Details are still filtering in, but as it were, Rodger left behind a 141 page "manifesto" in which he outlined his catalogue of grievances at girls who rejected him, boys who shamed him, his mother, his step-mother, and society more broadly.  

The whole episode was called the "Day of Retribution."

Another needless day of violence and blood-shed in the US.  Like Newton, CT before it.  Or Virginia Tech.  Or Columbine.  There are again candles, and stuffed animals, and flowers.  There are more crying families and friends.

The reactions are of course predictable.  The feckless politicians are in for more (well-deserved) opprobrium for the utter failure to address gun violence.  The mental health care "system" in the US is being looked at, again, for a failure to deal with what in retrospect is so obviously a dangerous, nihilistic - and narcissistic - young man.  The police are being asked why, when they visited Rodger following reports that he had posted video montages on YouTube in which he more or less laid out what he planned to do and why, they did little more than knock on his door, ask a few polite questions, and then go away.  Rodger himself recorded how relieved he felt that the officers did not enter his apartment, where they surely would have found his arsenal.

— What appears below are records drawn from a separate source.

text \<open>Phase 2 can only return TRUE after reaching an assignment \<tau> of the arbiter variables
  for which \<not>\<phi> \<and> \<psi>_Def \<and> \<tau> is unsatisfiable. Each definition \<psi>_i mentions only D_i and
  arbiter variables, so fixing the arbiters to \<tau> turns \<psi>_i into a Skolem function of D_i.
  For every universal assignment, these Skolem functions together with \<tau> satisfy \<psi>_Def \<and> \<tau>,
  hence by unsatisfiability they satisfy \<phi>: they form a model. Soundness thus uses only
  the variables the definitions mention, not the cores or the definitional property itself.\<close>

abbreviation arbiters :: "'v avar set" where
  "arbiters \<equiv> {Arb e s | e s. True}"

definition avar_asg :: "('v \<Rightarrow> bool) \<Rightarrow> 'v avar set \<Rightarrow> 'v avar \<Rightarrow> bool" where
  "avar_asg a \<tau> y = (case y of Orig x \<Rightarrow> a x | Arb _ _ \<Rightarrow> y \<in> \<tau>)"

lemma avar_asg_Orig [simp]: "avar_asg a \<tau> (Orig x) = a x"
  and avar_asg_Arb [simp]: "avar_asg a \<tau> (Arb e s) = (Arb e s \<in> \<tau>)"
  by (simp_all add: avar_asg_def)

definition arbiter_skolem :: "('v \<times> 'v avar form) list \<Rightarrow> 'v avar set \<Rightarrow> 'v \<Rightarrow> 'v set \<Rightarrow> bool" where
  "arbiter_skolem defs \<tau> e s = feval (avar_asg (\<lambda>u. u \<in> s) \<tau>) (the (map_of defs e))"

lemma feval_cong: "(\<And>x. x \<in> fvars \<psi> \<Longrightarrow> a x = b x) \<Longrightarrow> feval a \<psi> = feval b \<psi>"
  by (induction \<psi>) auto

lemma feval_avar_asg_local:
  assumes "fvars \<psi> \<subseteq> Orig ` D \<union> arbiters" and "\<And>x. x \<in> D \<Longrightarrow> a x = b x"
  shows "feval (avar_asg a \<tau>) \<psi> = feval (avar_asg b \<tau>) \<psi>"
  by (rule feval_cong) (use assms in \<open>auto simp: avar_asg_def\<close>)

lemma sat_cnf_lift_cnf: "sat_cnf asg (lift_cnf \<phi>) \<longleftrightarrow> sat_cnf (asg \<circ> Orig) \<phi>"
  unfolding sat_cnf_def sat_clause_def lift_cnf_def by (simp add: split_def)

lemma sat_cnf_term_cnf: "sat_cnf asg (term_cnf W \<sigma>) \<longleftrightarrow> (\<forall>x \<in> W. asg x = (x \<in> \<sigma>))"
  unfolding sat_cnf_def sat_clause_def term_cnf_def by auto

lemma arb_loop_adds_arbiters:
  "arb_loop U dep \<phi> e S S' \<Longrightarrow> fst S' \<subseteq> fst S \<union> arbiters"
  by (induction rule: arb_loop.induct) auto

lemma phase1_arbiters:
  "phase1 U dep \<phi> es (A, \<phi>A, defs) (A', \<phi>A', defs') \<Longrightarrow> A' \<subseteq> A \<union> arbiters"
proof (induction es "(A, \<phi>A, defs)" "(A', \<phi>A', defs')" arbitrary: A \<phi>A defs rule: phase1.induct)
  case (cons e A \<phi>A A\<^sub>e \<phi>A\<^sub>e \<psi> es defs)
  then show ?case using arb_loop_adds_arbiters[OF cons.hyps(1)] by auto
qed simp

Of course, this particular sage has an admixture of the current PC mush of "white, male privilege," despite the fact that the perpetrator was not white.  It's a bit like the ethnic cleansing of sorts that George Zimmerman underwent when he failed to match the narrative.  "Privilege" is the new, shiny toy of the left to explain all the ills of the West.

I don't want to address the foolish psychobabble at this point.

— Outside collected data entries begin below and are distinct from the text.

section \<open>The stochastic accelerated x-update\<close>

lemma xsub_obj_expand:
  assumes "symmetric_mat H" and "symmetric_mat M"
  shows "xsub_obj H M \<gamma> c a b (u + s *\<^sub>R v) = xsub_obj H M \<gamma> c a b u
     + s * (c \<bullet> v + \<gamma> * ((u - a) \<bullet> (H *v v)) + (u - b) \<bullet> (M *v v))
     + s\<^sup>2 / 2 * (\<gamma> * qn H v + qn M v)"
proof -
  have e: "qn G (u + s *\<^sub>R v - p) = qn G (u - p) + 2 * s * ((u - p) \<bullet> (G *v v)) + s\<^sup>2 * qn G v"
    if "symmetric_mat G" for G p
    using qn_add[OF that, of "u - p" "s *\<^sub>R v"] qn_scaleR[of G s v]
    by (simp add: matrix_vector_mult_scaleR algebra_simps)
  show ?thesis
    unfolding xsub_obj_def e[OF assms(1)] e[OF assms(2)] by (simp add: algebra_simps inner_add_right)
qed

lemma nonneg_if_perturbations_nonneg:
  fixes a r :: real
  assumes "\<And>s. 0 < s \<Longrightarrow> s \<le> 1 \<Longrightarrow> 0 \<le> a + s * r"
  shows "0 \<le> a"
proof (rule ccontr)
  assume "\<not> 0 \<le> a"
  define s where "s = min 1 (- a / (2 * (\<bar>r\<bar> + 1)))"
  have s: "0 < s" "s \<le> 1" using \<open>\<not> 0 \<le> a\<close> by (auto simp: s_def divide_neg_pos)
  have "s \<le> - a / (2 * (\<bar>r\<bar> + 1))" by (simp add: s_def)
  from mult_right_mono[OF this, of "2 * (\<bar>r\<bar> + 1)"]
  have "s * (2 * (\<bar>r\<bar> + 1)) \<le> - a" by simp
  hence "2 * s + 2 * (s * \<bar>r\<bar>) \<le> - a" by (simp add: algebra_simps)
  moreover have "s * r \<le> s * \<bar>r\<bar>" "0 \<le> s * \<bar>r\<bar>" using s by (auto intro: mult_left_mono)
  ultimately show False using assms[OF s] s by linarith
qed

text \<open>The objective is quadratic along segments and its slope at the minimiser towards
  any feasible point is nonnegative.\<close>
lemma xsub_obj_three_point:
  assumes cX: "convex X" and sH: "symmetric_mat H" and sM: "symmetric_mat M"
    and pH: "psd H" and pM: "psd M" and \<gamma>: "\<gamma> \<ge> 0" and q: "q \<in> X" and u: "u \<in> X"
    and min: "\<forall>u\<in>X. xsub_obj H M \<gamma> c a b q \<le> xsub_obj H M \<gamma> c a b u"
  shows "xsub_obj H M \<gamma> c a b q + \<gamma> / 2 * qn H (u - q) + 1/2 * qn M (u - q)
    \<le> xsub_obj H M \<gamma> c a b u"
proof -
  define v where "v = u - q"
  define L where "L = c \<bullet> v + \<gamma> * ((q - a) \<bullet> (H *v v)) + (q - b) \<bullet> (M *v v)"
  define R where "R = \<gamma> * qn H v + qn M v"
  have E: "xsub_obj H M \<gamma> c a b (q + s *\<^sub>R v) = xsub_obj H M \<gamma> c a b q + s * L + s\<^sup>2 / 2 * R"
    for s
    using xsub_obj_expand[OF sH sM] unfolding L_def R_def by simp
  have "0 \<le> L + s * (R / 2)" if s: "0 < s" "s \<le> 1" for s
  proof -
    have "q + s *\<^sub>R v = (1 - s) *\<^sub>R q + s *\<^sub>R u" by (simp add: v_def algebra_simps)
    hence "q + s *\<^sub>R v \<in> X" using cX q u s by (simp add: convex_def)
    hence "0 \<le> s * (L + s * (R / 2))"
      using min E[of s] by (force simp: power2_eq_square algebra_simps)
    thus ?thesis using s by (simp add: zero_le_mult_iff)
  qed
  hence "0 \<le> L" by (rule nonneg_if_perturbations_nonneg)
  moreover have "xsub_obj H M \<gamma> c a b u = xsub_obj H M \<gamma> c a b q + L + R / 2"
    using E[of 1] by (simp add: v_def)
  ultimately show ?thesis unfolding R_def v_def by (simp add: add_divide_distrib)
qed

text \<open>Quadratic part of the potential \<open>f u + xsub_quad h M x0 x u\<close> that the inner loop
  decreases.  The reference point \<open>x\<close> enters through \<open>\<parallel>x - u\<parallel>\<^sub>M\<^sup>2/2\<close>, which absorbs the
  \<open>M\<close>-term of the three-point property and vanishes at \<open>u = x\<close>.\<close>
definition xsub_quad :: "real^'n \<Rightarrow> real^'n^'n \<Rightarrow> real^'n \<Rightarrow> real^'n \<Rightarrow> real^'n \<Rightarrow> real" where
  "xsub_quad h M x0 x u = h \<bullet> u + 1/2 * qn M (u - x0) + 1/2 * qn M (x - u)"

lemma xsub_quad_convex:
  assumes "symmetric_mat M" and "psd M" and b: "0 \<le> b" "b \<le> 1"
  shows "xsub_quad h M x0 x (b *\<^sub>R q + (1 - b) *\<^sub>R p)
    \<le> b * xsub_quad h M x0 x q + (1 - b) * xsub_quad h M x0 x p"
proof -
  have "b *\<^sub>R q + (1 - b) *\<^sub>R p - x0 = b *\<^sub>R (q - x0) + (1 - b) *\<^sub>R (p - x0)"
    "x - (b *\<^sub>R q + (1 - b) *\<^sub>R p) = b *\<^sub>R (x - q) + (1 - b) *\<^sub>R (x - p)"
    by (simp_all add: algebra_simps)
  hence q1: "qn M (b *\<^sub>R q + (1 - b) *\<^sub>R p - x0) \<le> b * qn M (q - x0) + (1 - b) * qn M (p - x0)"
    and q2: "qn M (x - (b *\<^sub>R q + (1 - b) *\<^sub>R p)) \<le> b * qn M (x - q) + (1 - b) * qn M (x - p)"
    using qn_convex[OF assms] by simp_all
  have lin: "h \<bullet> (b *\<^sub>R q + (1 - b) *\<^sub>R p) = b * (h \<bullet> q) + (1 - b) * (h \<bullet> p)"
    by (simp add: inner_add_right)
  have "xsub_quad h M x0 x (b *\<^sub>R q + (1 - b) *\<^sub>R p)
      \<le> b * (h \<bullet> q) + (1 - b) * (h \<bullet> p) + 1/2 * (b * qn M (q - x0) + (1 - b) * qn M (p - x0))
        + 1/2 * (b * qn M (x - q) + (1 - b) * qn M (x - p))"
    unfolding xsub_quad_def lin using q1 q2 by (intro add_mono mult_left_mono order_refl) auto
  also have "\<dots> = b * xsub_quad h M x0 x q + (1 - b) * xsub_quad h M x0 x p"
    unfolding xsub_quad_def by (simp add: field_simps)
  finally show ?thesis .
qed

lemma betaT_bounds: "1 \<le> t \<Longrightarrow> 0 \<le> betaT t \<and> betaT t \<le> 1"
  by (simp add: betaT_def)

This is the third time I've found myself writing about guns and violence in the US.  This time it feels just a bit different; and, a bit more personal.

First, the cries about mass killings, the need to ban "assault weapons," and why these things are an American problem are a bit off this time.  The shooter in this case legally obtained all of his weapons (like Adam Lanza, I suppose).  But none of them, so far as I know, fit the "assault weapon" profile.  

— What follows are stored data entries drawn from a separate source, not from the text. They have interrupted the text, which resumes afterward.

(* Let H be the disjoint union of m = k/2 paths a1 a2 a3 a4 a5 and one isolated vertex c, and
   let G be its complement. In G the vertex c is adjacent to everything, so distances are 0, 1
   (non-adjacent in H) or 2 (adjacent in H): a set R resolves G iff every pair x, y either meets R
   or is told apart by a vertex of R that is an H-neighbour of exactly one of them. Applied to the
   pairs inside one path this forces |R \<inter> {a1,...,a5}| \<ge> 2, and when equality holds throughout
   (so that c \<notin> R) it forces R \<inter> {a1,...,a5} = {a2, a4}. The vertices a2, a4 of all paths do
   resolve G, so they form its unique metric basis and all k of them are forced; G misses exactly
   the 4m = 2k edges of H from the complete graph. *)

lemma walk_of_len_0_iff: "walk_of_len V E u v 0 \<longleftrightarrow> u \<in> V \<and> u = v"
  unfolding walk_of_len_def is_walk_def
  by (auto simp: length_Suc_conv intro!: exI[of _ "[u]"])

lemma walk_of_len_1_iff: "walk_of_len V E u v 1 \<longleftrightarrow> u \<in> V \<and> v \<in> V \<and> {u,v} \<in> E"
proof
  assume "walk_of_len V E u v 1"
  then obtain xs where xs: "is_walk V E xs" "hd xs = u" "last xs = v" "length xs = 2"
    unfolding walk_of_len_def by auto
  then obtain a b where "xs = [a,b]"
    by (auto simp: length_Suc_conv numeral_2_eq_2)
  with xs show "u \<in> V \<and> v \<in> V \<and> {u,v} \<in> E"
    unfolding is_walk_def by auto
next
  assume "u \<in> V \<and> v \<in> V \<and> {u,v} \<in> E"
  then show "walk_of_len V E u v 1"
    unfolding walk_of_len_def is_walk_def
    by (intro exI[of _ "[u,v]"]) (auto simp: less_Suc_eq)
qed

lemma walk_of_len_2I:
  assumes "u \<in> V" "w \<in> V" "v \<in> V" "{u,w} \<in> E" "{w,v} \<in> E"
  shows "walk_of_len V E u v 2"
  unfolding walk_of_len_def is_walk_def
  by (intro exI[of _ "[u,w,v]"]) (use assms in \<open>auto simp: less_Suc_eq numeral_2_eq_2\<close>)

lemma walk_of_len_2_dominating_vertex:
  assumes "c \<in> V" and dom: "\<And>v. v \<in> V \<Longrightarrow> v \<noteq> c \<Longrightarrow> {c,v} \<in> E"
    and "u \<in> V" "v \<in> V" "u \<noteq> v" "{u,v} \<notin> E"
  shows "walk_of_len V E u v 2"
proof -
  have "u \<noteq> c"
    using dom[of v] assms by blast
  moreover have "v \<noteq> c"
    using dom[of u] assms by (auto simp: insert_commute)
  ultimately have "{c,u} \<in> E" "{c,v} \<in> E"
    using dom assms by auto
  moreover have "{u,c} = {c,u}"
    by blast
  ultimately show ?thesis
    using assms by (intro walk_of_len_2I[of u V c]) simp_all
qed

lemma gdist_dominating_vertex:
  assumes "c \<in> V" and "\<And>v. v \<in> V \<Longrightarrow> v \<noteq> c \<Longrightarrow> {c,v} \<in> E"
    and uv: "u \<in> V" "v \<in> V"
  shows "gdist V E u v = (if u = v then 0 else if {u,v} \<in> E then 1 else 2)"
proof (cases "u = v")
  case True
  then show ?thesis
    using uv by (simp add: gdist_def walk_of_len_0_iff)
next
  case False
  then have no_walk_0: "\<not> walk_of_len V E u v 0"
    by (simp add: walk_of_len_0_iff)
  show ?thesis
  proof (cases "{u,v} \<in> E")
    case True
    have "(LEAST k. walk_of_len V E u v k) = 1"
    proof (rule Least_equality)
      show "walk_of_len V E u v 1"
        using True uv by (simp only: walk_of_len_1_iff)
    qed (use no_walk_0 in \<open>metis less_one not_less\<close>)
    then show ?thesis
      using False True by (simp add: gdist_def)
  next
    case no_edge: False
    have "(LEAST k. walk_of_len V E u v k) = 2"
    proof (rule Least_equality)
      show "walk_of_len V E u v 2"
        using assms False no_edge by (rule walk_of_len_2_dominating_vertex)
    next
      fix k assume "walk_of_len V E u v k"
      moreover have "\<not> walk_of_len V E u v 1"
        using no_edge by (simp only: walk_of_len_1_iff) simp
      ultimately show "2 \<le> k"
        using no_walk_0 by (metis less_2_cases not_le One_nat_def)
    qed
    then show ?thesis
      using False no_edge by (simp add: gdist_def)
  qed
qed

lemma connected_graph_dominating_vertex:
  assumes "c \<in> V" and "\<And>v. v \<in> V \<Longrightarrow> v \<noteq> c \<Longrightarrow> {c,v} \<in> E"
  shows "connected_graph V E"
  unfolding connected_graph_def
proof (intro conjI ballI)
  show "V \<noteq> {}"
    using \<open>c \<in> V\<close> by blast
  fix u v assume uv: "u \<in> V" "v \<in> V"
  consider "u = v" | "{u,v} \<in> E" | "u \<noteq> v" "{u,v} \<notin> E"
    by auto
  then show "\<exists>k. walk_of_len V E u v k"
  proof cases
    case 1
    then show ?thesis
      using uv by (intro exI[of _ 0]) (simp add: walk_of_len_0_iff)
  next
    case 2
    then show ?thesis
      using uv by (intro exI[of _ 1]) (simp only: walk_of_len_1_iff)
  next
    case 3
    then show ?thesis
      using uv by (intro exI[of _ 2] walk_of_len_2_dominating_vertex[OF assms])
  qed
qed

Second, and perhaps not widely known in the US, is that mass killings in Western Europe are not so rare as most Americans think.  Here in France, for example, the newspaper just today had a story remarking on the increasing exodus of Jews from France, accelerated following a mass shooting at a Jewish school in Toulouse, and, more recently, a rampage at a Jewish museum in Belgium.  It's true that these sort of things happen with somewhat greater frequency in the States, but they do happen with disturbing frequency in countries with strict gun laws.

Third, the perpetrator in this story was (despite the idiocy of those who claim "white privilege") of mixed ancestry.  His ethnic profile is very close to my own son.  Rodger's mother was of Chinese ethnicity from southeast Asia (Malaysia, in this case), and his father was English.  That is about as perfect an ethnic match as one might have for our eight year old.  (Though, unlike Rodger, my own family does not hale from British aristocracy; my own father was of a decidedly less landed stock of sheep farmers in the Shetland Islands).  Reading the deranged manifesto, the 'troubles' Elliot Rodger encountered - whether real or imagined - began around his 9th birthday, which my own son will celebrate in just beyond two months.  Prior to that, all accounts talk of a happy, almost idyllic youth.

I cannot help but wonder what sort of social pressures my son may face in a culture where you are black or white, otherwise you don't exist.  I remember when he was an infant, around the time that Halle Berry won her Academy Award, proudly proclaiming how she was the first black actress to win.  At that time, I wondered how my own son would see himself.  If he would follow Berry and reject, loudly, half of himself, and if so, which half?

Fourth, the debate about mass killings is, in my opinion, a distraction from the real problem in the US, and that is the utter banality of gun violence - violence in general.  Chicago, Illinois, the third largest of American cities, in 2012 was awash in blood, topping 500 homicides.  This topped 2011, which saw more than 400.  2013 saw some relief, but still, there were 415 people murdered in Chicago last year.

In France, by comparison, there were 650 murders in the entire country in 2012.  

Chicago is a city of 2.7 million people.  France is a country of 66 million.  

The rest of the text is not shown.